What is a buffer pool

As we know, mysql (using innoDB storage engine) data is stored on disk. When the data needs to be queried or modified, the system will load the page where the data resides into an area called buffer pool in memory for operation

  • If a read operation is performed, the page is not immediately removed from memory after use, but is cached so that it can be used next time to avoid disk IO
  • If the page is modified so that it becomes a dirty page, alsoNot immediatelyThe dirty pages are flushed back to disk, instead by recordingredo logAnd background tasks periodically flush dirty pages back to disk, which ensures data persistence and improves I/O performance by combining random I/OS into a few sequential ONES

Flush cached pages with the LRU policy

The size of the buffer pool is limited. To check the size of the buffer pool, run the following command

SHOW VARIABLES LIKE ‘innodb_buffer_pool_size’;

+———————–+———-+

|Variable_name |Value |

+———————–+———-+

|innodb_buffer_pool_size|4294967296|

+———————–+———-+

The query result shows that the size of the msyql buffer pool is 4GB

As the program runs, if the number of pages that need to be cached exceeds the size of the buffer pool, some of the old pages need to be removed so that the pages that need to be used can fit in.
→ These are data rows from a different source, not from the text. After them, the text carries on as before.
(* When the characteristic functions range over $V_{\ge3}$, the competitive ratio of any individually rational (non-wasteful, possibly non-irrevocable) distribution policy cannot exceed $\frac{3\mathsf{min}}{\mathsf{max}}$, whether players act as greedy players or as pessimistic greedy players.
   Context: Players: a finite set $N=\{a_1,\dots,a_n\}$. A characteristic function is $v:2^N\to\mathbb{R}_{\ge 0}$ with $v(\emptyset)=0$. There are fixed, known constants $0<\mathsf{min}\le\mathsf{max}$ and every $v$ considered is monotone and bounded: $\mathsf{min}\le v(S)\le v(T)\le\mathsf{max}$ for all nonempty $S\subseteq T\subseteq N$. For an integer $\delta\ge1$, $V_\delta$ is the set of such $v$ with $\delta\cdot\mathsf{min}\le\mathsf{max}<(\delta+1)\cdot\mathsf{min}$; $V_{\ge3}=\bigcup_{\delta\ge3}V_\delta$. A coalition structure is a partition $C$ of $N$; $\mathsf{SW}(C\mid v)=\sum_{S\in C}v(S)$. Online process: an arrival order is a permutation $\pi=(\pi_1,\dots,\pi_n)$ of $N$; player $\pi_t$ arrives at time $t$. For $S\subseteq N$, $\pi_{|S}$ denotes the players of $S$ in the relative order of $\pi$. Let $C^{t-1}$ be the coalition structure of players arrived before time $t$ ($C^0=\emptyset$). At time $t$, player $\pi_t$ either joins an existing coalition $S\in C^{t-1}$ or forms $\{\pi_t\}$ (choice $S=\emptyset$); decisions are never revised. A distribution policy $\varphi$ assigns to every coalition $S$ with order $\pi_{|S}$ a vector $(\varphi_i(S,\pi_{|S}))_{i\in S}$ with $\sum_{i\in S}\varphi_i=v(S)$. In general (non-irrevocable) policies each share is split as $\varphi_i=\bar\varphi_i+\tilde\varphi_i$, where $\bar\varphi_i$ is paid out irrevocably (never reduced later) and $\tilde\varphi_i$ is promised but held in a bank for the coalition and may be redistributed (increased or decreased) when new players join; if nobody joins, $\tilde\varphi_i$ is paid out. Greedy players: $\pi_t$ chooses $S\in C^{t-1}\cup\{\emptyset\}$ maximizing $\varphi_{\pi_t}(S\cup\{\pi_t\},\pi_{|S\cup\{\pi_t\}})$. Pessimistic greedy players instead maximize $\bar\varphi_{\pi_t}(S\cup\{\pi_t\},\pi_{|S\cup\{\pi_t\}})$. Ties are broken by a predetermined rule. $C_g^t$ denotes the structure after time $t$ and $C_g=C_g^n$. Individual rationality: for every $v$ (and $\pi$), every $t\le n$, every $S\in C_g^t$ and every $i\in S$, $\varphi_i(S)\ge v(\{i\})$. The competitive ratio over a class is $\alpha=\inf_{v,\pi}\mathsf{SW}(C_g(v,\pi\mid\varphi))/\max_C\mathsf{SW}(C\mid v)$, over $v$ in the class and all arrival orders $\pi$. *)

theory Defs
  imports Complex_Main "HOL-Library.Disjoint_Sets"
begin

(* Players are natural numbers; a game is given by a finite player set N and a
   characteristic function v, of which only the values on subsets of N matter. *)
type_synonym game = "nat set \<Rightarrow> real"

(* A share function: sh v xs i = share of player i in the coalition set xs,
   whose members arrived in the order given by the (distinct) list xs. *)
type_synonym share_fn = "game \<Rightarrow> nat list \<Rightarrow> nat \<Rightarrow> real"

(* Predetermined tie-breaking rule: given the game, the current coalition structure,
   the arriving player and the set of maximising options ([] = stay alone),
   it picks one option. *)
type_synonym tie_rule = "game \<Rightarrow> nat list set \<Rightarrow> nat \<Rightarrow> nat list set \<Rightarrow> nat list"

definition bounded_monotone_game :: "real \<Rightarrow> real \<Rightarrow> nat set \<Rightarrow> game \<Rightarrow> bool" where
  "bounded_monotone_game mn mx N v \<longleftrightarrow>
     v {} = 0 \<and>
     (\<forall>S T. S \<noteq> {} \<and> S \<subseteq> T \<and> T \<subseteq> N \<longrightarrow> mn \<le> v S \<and> v S \<le> v T \<and> v T \<le> mx)"

definition V_delta :: "real \<Rightarrow> real \<Rightarrow> nat \<Rightarrow> nat set \<Rightarrow> game set" where
  "V_delta mn mx \<delta> N =
     {v. bounded_monotone_game mn mx N v \<and> real \<delta> * mn \<le> mx \<and> mx < (real \<delta> + 1) * mn}"

definition V_ge3 :: "real \<Rightarrow> real \<Rightarrow> nat set \<Rightarrow> game set" where
  "V_ge3 mn mx N = (\<Union>\<delta>\<in>{3..}. V_delta mn mx \<delta> N)"

definition arrival_order :: "nat set \<Rightarrow> nat list \<Rightarrow> bool" where
  "arrival_order N \<pi> \<longleftrightarrow> distinct \<pi> \<and> set \<pi> = N"

definition total_share :: "share_fn \<Rightarrow> share_fn \<Rightarrow> share_fn" where
  "total_share phibar phitilde = (\<lambda>v xs i. phibar v xs i + phitilde v xs i)"

definition non_wasteful :: "real \<Rightarrow> real \<Rightarrow> share_fn \<Rightarrow> bool" where
  "non_wasteful mn mx phi \<longleftrightarrow>
     (\<forall>N v xs. finite N \<and> bounded_monotone_game mn mx N v \<and> distinct xs \<and> xs \<noteq> [] \<and> set xs \<subseteq> N
        \<longrightarrow> (\<Sum>i\<in>set xs. phi v xs i) = v (set xs))"

(* general (possibly non-irrevocable) policy phi = phibar + phitilde, where the
   irrevocably paid part phibar is never reduced when a new player joins *)
definition general_policy :: "real \<Rightarrow> real \<Rightarrow> share_fn \<Rightarrow> share_fn \<Rightarrow> bool" where
  "general_policy mn mx phibar phitilde \<longleftrightarrow>
     non_wasteful mn mx (total_share phibar phitilde) \<and>
     (\<forall>N v xs j. finite N \<and> bounded_monotone_game mn mx N v \<and> distinct (xs @ [j]) \<and> xs \<noteq> []
        \<and> set (xs @ [j]) \<subseteq> N \<longrightarrow> (\<forall>i\<in>set xs. phibar v xs i \<le> phibar v (xs @ [j]) i))"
Which pages to remove? To increase cache hit ratio and reduce disk I/O times, one strategy is as follows: The Least recently used page is eliminated. This page has been used Least in the past and is expected to be used Least in the future according to the time locality principle. Therefore, it is reasonable to eliminate this page, which is the naive LRU (Least recently used) strategy

So when you visit a page:

  • If the page is already inbuffer pool, it is removed from the linked list and added to the head of the LRU list
  • If the page is not presentbuffer pool, then load the page from disk, also add the head of LRU link, when the space is not enough, eliminate the page at the end of the linked list (if the page is dirty, it needs to brush back to disk)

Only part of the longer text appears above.